LibAFLGo: Evaluating and Advancing Directed Graybox Fuzzing.
Elia Geretto*, Andrea Jemmett*, Cristiano Giuffrida, Herbert Bos.
10th IEEE European Symposium on Security and Privacy (EuroS&P), 2025.
Abstract
While greybox fuzzing is routinely applied in production environments with great
success, directed greybox fuzzing has struggled to gain real-world
adoption—despite the great (intuitive) promise and the many optimizations
proposed in literature. In practice, directed fuzzers struggle for three critical
issues. First, popular implementations build on and compare to ancient baselines,
often derived from AFLGo. Unfortunately, none of the optimizations that are
essential for performance in modern greybox fuzzers are available in these
baselines. As a result, we find reported improvements in directed fuzzing are often
only “imaginary” and do not lead to better performance on a modern
baseline. Second, directed fuzzing evaluations commonly ignore or misinterpret
important factors affecting fuzzing overhead—such as build times and timeouts.

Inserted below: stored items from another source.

(* Let $f:\mathbb{R}^N\to\mathbb{R}\cup\{\infty\}$, $f(x)=\|x\|_1$ for $x\in[-1,1]^N$ and $f(x)=\infty$ otherwise. Let $K_1,K_{-1}\subseteq[N]$ be disjoint, $x_{\pm1}=\mathbb{1}_{K_1}-\mathbb{1}_{K_{-1}}$, $k=|K_1\cup K_{-1}|$. Then $$\partial f(x_{\pm1})=\{s\in\mathbb{R}^N: s_i\ge1\ (i\in K_1),\ s_i\le -1\ (i\in K_{-1}),\ |s_i|\le 1\ (i\notin K_1\cup K_{-1})\},$$ and $$\delta(\mathcal{D}(f,x_{\pm1}))\le\Delta_{\pm\mathrm{ter}}(k):=\inf_{\tau\ge0}\Big[k\int_{-\infty}^{\tau}(u-\tau)^2\phi(u)\,du+2(N-k)\int_\tau^\infty(u-\tau)^2\phi(u)\,du\Big],$$ with $\phi(u)=(2\pi)^{-1/2}e^{-u^2/2}$.
   Context: $\mathbb{1}_S$ has entries $1$ on $S$, $0$ elsewhere. Subdifferential: $\partial f(x_0)=\{s: f(y)-f(x_0)\ge\langle s,y-x_0\rangle\ \forall y\in\mathbb{R}^N\}$. Descent cone: $\mathcal{D}(f,x)=\bigcup_{\tau>0}\{y\in\mathbb{R}^N: f(x+\tau y)\le f(x)\}$. Statistical dimension of a closed convex cone $C$ (applied here to the closure of the descent cone): $\delta(C)=\mathbb{E}\|\pi_C(g)\|_2^2$, where $g$ is a standard normal vector in $\mathbb{R}^N$ and $\pi_C$ is the Euclidean projection onto $C$. *)

theory Defs
  imports "HOL-Probability.Probability"
begin

definition subdifferential :: "(real^'n \<Rightarrow> ereal) \<Rightarrow> real^'n \<Rightarrow> (real^'n) set" where
  "subdifferential f x0 = {s. \<forall>y. f y - f x0 \<ge> ereal (s \<bullet> (y - x0))}"

definition descent_cone :: "(real^'n \<Rightarrow> ereal) \<Rightarrow> real^'n \<Rightarrow> (real^'n) set" where
  "descent_cone f x = (\<Union>\<tau>\<in>{0<..}. {y. f (x + \<tau> *\<^sub>R y) \<le> f x})"

definition stat_dim :: "(real^'n) set \<Rightarrow> real" where
  "stat_dim C = (\<integral>g. (\<Prod>i\<in>UNIV. std_normal_density (g $ i)) * (norm (closest_point C g))\<^sup>2 \<partial>lborel)"

definition l1_box :: "real^'n \<Rightarrow> ereal" where
  "l1_box x = (if (\<forall>i. \<bar>x $ i\<bar> \<le> 1) then ereal (\<Sum>i\<in>UNIV. \<bar>x $ i\<bar>) else \<infinity>)"

definition Delta_pm_ter :: "nat \<Rightarrow> nat \<Rightarrow> real" where
  "Delta_pm_ter N k = (INF \<tau>\<in>{0..}.
      real k * (LBINT u:{..\<tau>}. (u - \<tau>)\<^sup>2 * std_normal_density u)
    + 2 * (real N - real k) * (LBINT u:{\<tau>..}. (u - \<tau>)\<^sup>2 * std_normal_density u))"

end

theory Submission
  imports Defs
begin

text \<open>
  Both parts are coordinatewise. A subgradient at the signed indicator x is tested by moving one
  coordinate of x inside [-1,1], which forces the sign conditions; conversely they give
  s_i (z_i - x_i) \<le> |z_i| - |x_i| on the box. For the statistical dimension, any s satisfying the
  same conditions scaled by \<tau> \<ge> 0 lies in the polar of the descent cone, and the projection of g
  onto a closed cone is no longer than g - s for every s in the polar. Choosing s as the
  coordinatewise clamp of g, the Gaussian expectation of |g - s|^2 splits into k one-sided and
  N - k two-sided one-dimensional integrals; minimising over \<tau> gives the bound.
\<close>

lemma zero_in_descent_cone: "0 \<in> descent_cone f x"
  unfolding descent_cone_def by (auto intro: exI[of _ 1])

As design decisions now build on unreliable data, we find the directed fuzzers
perform worse than expected in practice. Third, while almost all directed fuzzers
rely on (expensive) analysis stacks, such as points-to and reachability analysis
components, they often opt for very different implementations. Since these
implementations have their own unique benefits and drawbacks, we find performance
differences of directed fuzzers are frequently due to these components rather than
the proposed directed fuzzing optimization.
In this paper, we investigate the practical impact of these issues by means of an
analysis and evaluation of a representative set of popular directed greybox fuzzers.
As a way forward, we then present LibAFLGo, a modular directed fuzzing framework
that addresses all three issues and allows one to directly compare different
directed fuzzing policies on top of a modern fuzzing stack. Our experimental results
on state-of-the-art directed fuzzing policies provide two main insights. First, the
original AFLGo policies outperform more recent directed fuzzing policies when
testing on a modern fuzzing stack. Second, none of the directed fuzzing policies can
favorably compete with (nondirected) LibAFL, which scored better overall performance
across benchmarks. As such, the quest for efficient directed fuzzing policies must
continue.